=== Section Start ===

lemma cexp_treated_cohort_change:
  fixes M :: "'a measure" and G :: "'a \<Rightarrow> enat" and S :: "'a \<Rightarrow> 's"
    and Y :: "nat \<Rightarrow> enat \<Rightarrow> 's \<Rightarrow> 'a \<Rightarrow> real" and g :: enat and \<sigma> :: 's
  defines "A \<equiv> cell M G S (\<lambda>x. x = g) \<sigma>"
  assumes sets: "A \<in> sets M"
    and int: "integrable M (Y \<tau>1 g \<sigma>)" "integrable M (Y \<tau>1 \<infinity> \<sigma>)"
      "integrable M (Y \<tau>0 g \<sigma>)" "integrable M (Y \<tau>0 \<infinity> \<sigma>)"
    and no_antic: "cexp M A (pot Y S \<tau>0 g) = cexp M A (pot Y S \<tau>0 \<infinity>)"
  shows "cexp M A (\<lambda>\<omega>. obs Y G S \<tau>1 \<omega> - obs Y G S \<tau>0 \<omega>)
    = cexp M A (\<lambda>\<omega>. pot Y S \<tau>1 g \<omega> - pot Y S \<tau>1 \<infinity> \<omega>)
    + cexp M A (\<lambda>\<omega>. pot Y S \<tau>1 \<infinity> \<omega> - pot Y S \<tau>0 \<infinity> \<omega>)"
proof -
  note diff = cexp_diff[OF integrable_indicator_mult[OF sets] integrable_indicator_mult[OF sets]]
  have "cexp M A (\<lambda>\<omega>. obs Y G S \<tau>1 \<omega> - obs Y G S \<tau>0 \<omega>)
      = cexp M A (\<lambda>\<omega>. Y \<tau>1 g \<sigma> \<omega> - Y \<tau>0 g \<sigma> \<omega>)"
    by (rule cexp_cong) (simp add: A_def obs_on_cohort_cell)
  moreover have "cexp M A (\<lambda>\<omega>. pot Y S \<tau>1 g \<omega> - pot Y S \<tau>1 \<infinity> \<omega>)
      = cexp M A (\<lambda>\<omega>. Y \<tau>1 g \<sigma> \<omega> - Y \<tau>1 \<infinity> \<sigma> \<omega>)"
    by (rule cexp_cong) (simp add: A_def pot_on_cell)
  moreover have "cexp M A (\<lambda>\<omega>. pot Y S \<tau>1 \<infinity> \<omega> - pot Y S \<tau>0 \<infinity> \<omega>)
      = cexp M A (\<lambda>\<omega>. Y \<tau>1 \<infinity> \<sigma> \<omega> - Y \<tau>0 \<infinity> \<sigma> \<omega>)"
    by (rule cexp_cong) (simp add: A_def pot_on_cell)
  moreover have "cexp M A (pot Y S \<tau>0 g) = cexp M A (Y \<tau>0 g \<sigma>)"
    "cexp M A (pot Y S \<tau>0 \<infinity>) = cexp M A (Y \<tau>0 \<infinity> \<sigma>)"
    by (rule cexp_cong, simp add: A_def pot_on_cell)+
  ultimately show ?thesis
    using no_antic by (simp add: diff int)
qed

lemma indicator_later_cell_split:
  fixes Z :: "enat \<Rightarrow> 'a \<Rightarrow> real"
  assumes G_range: "\<forall>\<omega>\<in>space M. G \<omega> \<in> enat ` {1..T} \<union> {\<infinity>}" and \<omega>: "\<omega> \<in> space M"
  shows "indicator (cell M G S (\<lambda>x. x > enat t) \<sigma>) \<omega> * Z (G \<omega>) \<omega>
    = indicator (cell M G S (\<lambda>x. x = \<infinity>) \<sigma>) \<omega> * Z \<infinity> \<omega>
      + (\<Sum>g'\<in>{t<..T}. indicator (cell M G S (\<lambda>x. x = enat g') \<sigma>) \<omega> * Z (enat g') \<omega>)"
proof (cases "G \<omega> = \<infinity>")
  case True
  then show ?thesis
    using \<omega> by (simp add: indicator_def cell_def)
next
  case False
  then obtain k where k: "G \<omega> = enat k" "k \<in> {1..T}"
    using G_range \<omega> by auto
  have "(\<Sum>g'\<in>{t<..T}. indicator (cell M G S (\<lambda>x. x = enat g') \<sigma>) \<omega> * Z (enat g') \<omega>)
      = (\<Sum>g'\<in>{t<..T}. if g' = k then indicator (cell M G S (\<lambda>x. x = enat k) \<sigma>) \<omega> * Z (enat k) \<omega> else 0)"
    using \<omega> k by (intro sum.cong) (auto simp: indicator_def cell_def)
  then show ?thesis
    using \<omega> k by (auto simp: indicator_def cell_def)
qed

lemma later_cell_integral_split:
  fixes Z :: "enat \<Rightarrow> 'a \<Rightarrow> real"
  assumes G_meas: "G \<in> measurable M (count_space UNIV)"
    and S_meas: "S \<in> measurable M (count_space UNIV)"
    and G_range: "\<forall>\<omega>\<in>space M. G \<omega> \<in> enat ` {1..T} \<union> {\<infinity>}"
    and int: "\<And>g'. g' \<in> enat ` {t<..T} \<union> {\<infinity>} \<Longrightarrow> integrable M (Z g')"
  shows "integrable M (\<lambda>\<omega>. indicator (cell M G S (\<lambda>x. x > enat t) \<sigma>) \<omega> * Z (G \<omega>) \<omega>)"
    and "(\<integral>\<omega>. indicator (cell M G S (\<lambda>x. x > enat t) \<sigma>) \<omega> * Z (G \<omega>) \<omega> \<partial>M)
      = (\<integral>\<omega>. indicator (cell M G S (\<lambda>x. x = \<infinity>) \<sigma>) \<omega> * Z \<infinity> \<omega> \<partial>M)
        + (\<Sum>g'\<in>{t<..T}. \<integral>\<omega>. indicator (cell M G S (\<lambda>x. x = enat g') \<sigma>) \<omega> * Z (enat g') \<omega> \<partial>M)"
proof -
  have int_cell: "integrable M (\<lambda>\<omega>. indicator (cell M G S C \<sigma>) \<omega> * Z g' \<omega>)"
    if "g' \<in> enat ` {t<..T} \<union> {\<infinity>}" for C g'
    by (rule integrable_indicator_mult[OF cell_in_sets[OF G_meas S_meas] int[OF that]])
  let ?split = "\<lambda>\<omega>. indicator (cell M G S (\<lambda>x. x = \<infinity>) \<sigma>) \<omega> * Z \<infinity> \<omega>
      + (\<Sum>g'\<in>{t<..T}. indicator (cell M G S (\<lambda>x. x = enat g') \<sigma>) \<omega> * Z (enat g') \<omega>)"
  note pointwise = indicator_later_cell_split[OF G_range, where Z=Z and t=t and \<sigma>=\<sigma> and S=S]
  have eq: "integrable M (\<lambda>\<omega>. indicator (cell M G S (\<lambda>x. x > enat t) \<sigma>) \<omega> * Z (G \<omega>) \<omega>)
      = integrable M ?split"
    "(\<integral>\<omega>. indicator (cell M G S (\<lambda>x. x > enat t) \<sigma>) \<omega> * Z (G \<omega>) \<omega> \<partial>M) = integral\<^sup>L M ?split"
    by (intro Bochner_Integration.integrable_cong Bochner_Integration.integral_cong refl pointwise,
        assumption)+
  show "integrable M (\<lambda>\<omega>. indicator (cell M G S (\<lambda>x. x > enat t) \<sigma>) \<omega> * Z (G \<omega>) \<omega>)"
    unfolding eq(1)
    by (intro Bochner_Integration.integrable_add Bochner_Integration.integrable_sum int_cell) auto
  show "(\<integral>\<omega>. indicator (cell M G S (\<lambda>x. x > enat t) \<sigma>) \<omega> * Z (G \<omega>) \<omega> \<partial>M)
      = (\<integral>\<omega>. indicator (cell M G S (\<lambda>x. x = \<infinity>) \<sigma>) \<omega> * Z \<infinity> \<omega> \<partial>M)
        + (\<Sum>g'\<in>{t<..T}. \<integral>\<omega>. indicator (cell M G S (\<lambda>x. x = enat g') \<sigma>) \<omega> * Z (enat g') \<omega> \<partial>M)"
  proof -
    have "integral\<^sup>L M ?split
        = (\<integral>\<omega>. indicator (cell M G S (\<lambda>x. x = \<infinity>) \<sigma>) \<omega> * Z \<infinity> \<omega> \<partial>M)
          + (\<integral>\<omega>. (\<Sum>g'\<in>{t<..T}. indicator (cell M G S (\<lambda>x. x = enat g') \<sigma>) \<omega> * Z (enat g') \<omega>) \<partial>M)"
      by (intro Bochner_Integration.integral_add Bochner_Integration.integrable_sum int_cell) auto
    also have "(\<integral>\<omega>. (\<Sum>g'\<in>{t<..T}. indicator (cell M G S (\<lambda>x. x = enat g') \<sigma>) \<omega> * Z (enat g') \<omega>) \<partial>M)
        = (\<Sum>g'\<in>{t<..T}. \<integral>\<omega>. indicator (cell M G S (\<lambda>x. x = enat g') \<sigma>) \<omega> * Z (enat g') \<omega> \<partial>M)"
      by (intro Bochner_Integration.integral_sum int_cell) auto
    finally show ?thesis
      unfolding eq(2) .
  qed
qed

lemma cohort_integral_no_anticipation:
  assumes no_antic: "no_anticipation M G S Y T SS"
    and fin: "finite_measure M" and sets: "cell M G S (\<lambda>x. x = enat g') \<sigma> \<in> sets M"
    and cohort: "g' \<in> {1..T}" "\<tau> < g'" "\<sigma> \<in> SS"
  shows "(\<integral>\<omega>. indicator (cell M G S (\<lambda>x. x = enat g') \<sigma>) \<omega> * Y \<tau> (enat g') \<sigma> \<omega> \<partial>M)
    = (\<integral>\<omega>. indicator (cell M G S (\<lambda>x. x = enat g') \<sigma>) \<omega> * Y \<tau> \<infinity> \<sigma> \<omega> \<partial>M)"
proof (rule set_integral_eq_if_cexp_eq[OF fin sets])
  assume "measure M (cell M G S (\<lambda>x. x = enat g') \<sigma>) > 0"
  then have "cexp M (cell M G S (\<lambda>x. x = enat g') \<sigma>) (pot Y S \<tau> (enat g'))
      = cexp M (cell M G S (\<lambda>x. x = enat g') \<sigma>) (pot Y S \<tau> \<infinity>)"
    using no_antic cohort unfolding no_anticipation_def by blast
  then show "cexp M (cell M G S (\<lambda>x. x = enat g') \<sigma>) (Y \<tau> (enat g') \<sigma>)
      = cexp M (cell M G S (\<lambda>x. x = enat g') \<sigma>) (Y \<tau> \<infinity> \<sigma>)"
    by (simp add: cexp_cong[OF pot_on_cell])
qed

lemma set_integral_later_cell_obs:
  fixes M :: "'a measure" and G :: "'a \<Rightarrow> enat" and S :: "'a \<Rightarrow> 's"
    and Y :: "nat \<Rightarrow> enat \<Rightarrow> 's \<Rightarrow> 'a \<Rightarrow> real" and t :: nat and \<sigma> :: 's
  defines "B \<equiv> cell M G S (\<lambda>x. x > enat t) \<sigma>"
  assumes fin: "finite_measure M"
    and G_meas: "G \<in> measurable M (count_space UNIV)"
    and S_meas: "S \<in> measurable M (count_space UNIV)"
    and G_range: "\<forall>\<omega>\<in>space M. G \<omega> \<in> enat ` {1..T} \<union> {\<infinity>}"
    and no_antic: "no_anticipation M G S Y T SS"
    and \<sigma>: "\<sigma> \<in> SS" and \<tau>: "\<tau> \<le> t"
    and int: "\<And>g'. g' \<in> enat ` {t<..T} \<union> {\<infinity>} \<Longrightarrow> integrable M (Y \<tau> g' \<sigma>)"
  shows "integrable M (\<lambda>\<omega>. indicator B \<omega> * obs Y G S \<tau> \<omega>)"
    and "(\<integral>\<omega>. indicator B \<omega> * obs Y G S \<tau> \<omega> \<partial>M) = (\<integral>\<omega>. indicator B \<omega> * Y \<tau> \<infinity> \<sigma> \<omega> \<partial>M)"
proof -
  have obs_B: "indicator B \<omega> * obs Y G S \<tau> \<omega> = indicator B \<omega> * Y \<tau> (G \<omega>) \<sigma> \<omega>" for \<omega>
    by (auto simp: B_def obs_on_cell split: split_indicator)
  note split_obs = later_cell_integral_split[OF G_meas S_meas G_range, where Z="\<lambda>g'. Y \<tau> g' \<sigma>"]
  note split_untreated = later_cell_integral_split[OF G_meas S_meas G_range, where Z="\<lambda>_. Y \<tau> \<infinity> \<sigma>"]
  show "integrable M (\<lambda>\<omega>. indicator B \<omega> * obs Y G S \<tau> \<omega>)"
    unfolding obs_B unfolding B_def by (rule split_obs(1)) (rule int)
  have cohorts: "(\<integral>\<omega>. indicator (cell M G S (\<lambda>x. x = enat g') \<sigma>) \<omega> * Y \<tau> (enat g') \<sigma> \<omega> \<partial>M)
      = (\<integral>\<omega>. indicator (cell M G S (\<lambda>x. x = enat g') \<sigma>) \<omega> * Y \<tau> \<infinity> \<sigma> \<omega> \<partial>M)"
    if "g' \<in> {t<..T}" for g'
    using that \<sigma> \<tau>
    by (intro cohort_integral_no_anticipation[OF no_antic fin cell_in_sets[OF G_meas S_meas]])
      auto
  have "(\<integral>\<omega>. indicator B \<omega> * obs Y G S \<tau> \<omega> \<partial>M) = (\<integral>\<omega>. indicator B \<omega> * Y \<tau> (G \<omega>) \<sigma> \<omega> \<partial>M)"
    by (simp only: obs_B)
  also have "\<dots> = (\<integral>\<omega>. indicator (cell M G S (\<lambda>x. x = \<infinity>) \<sigma>) \<omega> * Y \<tau> \<infinity> \<sigma> \<omega> \<partial>M)
      + (\<Sum>g'\<in>{t<..T}. \<integral>\<omega>. indicator (cell M G S (\<lambda>x. x = enat g') \<sigma>) \<omega> * Y \<tau> (enat g') \<sigma> \<omega> \<partial>M)"
    unfolding B_def by (rule split_obs(2)) (rule int)
  also have "\<dots> = (\<integral>\<omega>. indicator (cell M G S (\<lambda>x. x = \<infinity>) \<sigma>) \<omega> * Y \<tau> \<infinity> \<sigma> \<omega> \<partial>M)
      + (\<Sum>g'\<in>{t<..T}. \<integral>\<omega>. indicator (cell M G S (\<lambda>x. x = enat g') \<sigma>) \<omega> * Y \<tau> \<infinity> \<sigma> \<omega> \<partial>M)"
    using cohorts by simp
  also have "\<dots> = (\<integral>\<omega>. indicator B \<omega> * Y \<tau> \<infinity> \<sigma> \<omega> \<partial>M)"
    unfolding B_def by (rule split_untreated(2)[symmetric]) (simp add: int)
  finally show "(\<integral>\<omega>. indicator B \<omega> * obs Y G S \<tau> \<omega> \<partial>M) = (\<integral>\<omega>. indicator B \<omega> * Y \<tau> \<infinity> \<sigma> \<omega> \<partial>M)" .
qed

=== Section End ===

▶ _EXERCISE DETAILS_: Write down exactly every line of the material above up to and including the line containing "A (Y \<tau>0 g".

▶ _SOLUTION FOR THIS EXERCISE_:
lemma cexp_treated_cohort_change:
  fixes M :: "'a measure" and G :: "'a \<Rightarrow> enat" and S :: "'a \<Rightarrow> 's"
    and Y :: "nat \<Rightarrow> enat \<Rightarrow> 's \<Rightarrow> 'a \<Rightarrow> real" and g :: enat and \<sigma> :: 's
  defines "A \<equiv> cell M G S (\<lambda>x. x = g) \<sigma>"
  assumes sets: "A \<in> sets M"
    and int: "integrable M (Y \<tau>1 g \<sigma>)" "integrable M (Y \<tau>1 \<infinity> \<sigma>)"
      "integrable M (Y \<tau>0 g \<sigma>)" "integrable M (Y \<tau>0 \<infinity> \<sigma>)"
    and no_antic: "cexp M A (pot Y S \<tau>0 g) = cexp M A (pot Y S \<tau>0 \<infinity>)"
  shows "cexp M A (\<lambda>\<omega>. obs Y G S \<tau>1 \<omega> - obs Y G S \<tau>0 \<omega>)
    = cexp M A (\<lambda>\<omega>. pot Y S \<tau>1 g \<omega> - pot Y S \<tau>1 \<infinity> \<omega>)
    + cexp M A (\<lambda>\<omega>. pot Y S \<tau>1 \<infinity> \<omega> - pot Y S \<tau>0 \<infinity> \<omega>)"
proof -
  note diff = cexp_diff[OF integrable_indicator_mult[OF sets] integrable_indicator_mult[OF sets]]
  have "cexp M A (\<lambda>\<omega>. obs Y G S \<tau>1 \<omega> - obs Y G S \<tau>0 \<omega>)
      = cexp M A (\<lambda>\<omega>. Y \<tau>1 g \<sigma> \<omega> - Y \<tau>0 g \<sigma> \<omega>)"
    by (rule cexp_cong) (simp add: A_def obs_on_cohort_cell)
  moreover have "cexp M A (\<lambda>\<omega>. pot Y S \<tau>1 g \<omega> - pot Y S \<tau>1 \<infinity> \<omega>)
      = cexp M A (\<lambda>\<omega>. Y \<tau>1 g \<sigma> \<omega> - Y \<tau>1 \<infinity> \<sigma> \<omega>)"
    by (rule cexp_cong) (simp add: A_def pot_on_cell)
  moreover have "cexp M A (\<lambda>\<omega>. pot Y S \<tau>1 \<infinity> \<omega> - pot Y S \<tau>0 \<infinity> \<omega>)
      = cexp M A (\<lambda>\<omega>. Y \<tau>1 \<infinity> \<sigma> \<omega> - Y \<tau>0 \<infinity> \<sigma> \<omega>)"
    by (rule cexp_cong) (simp add: A_def pot_on_cell)
  moreover have "cexp M A (pot Y S \<tau>0 g) = cexp M A (Y \<tau>0 g \<sigma>)"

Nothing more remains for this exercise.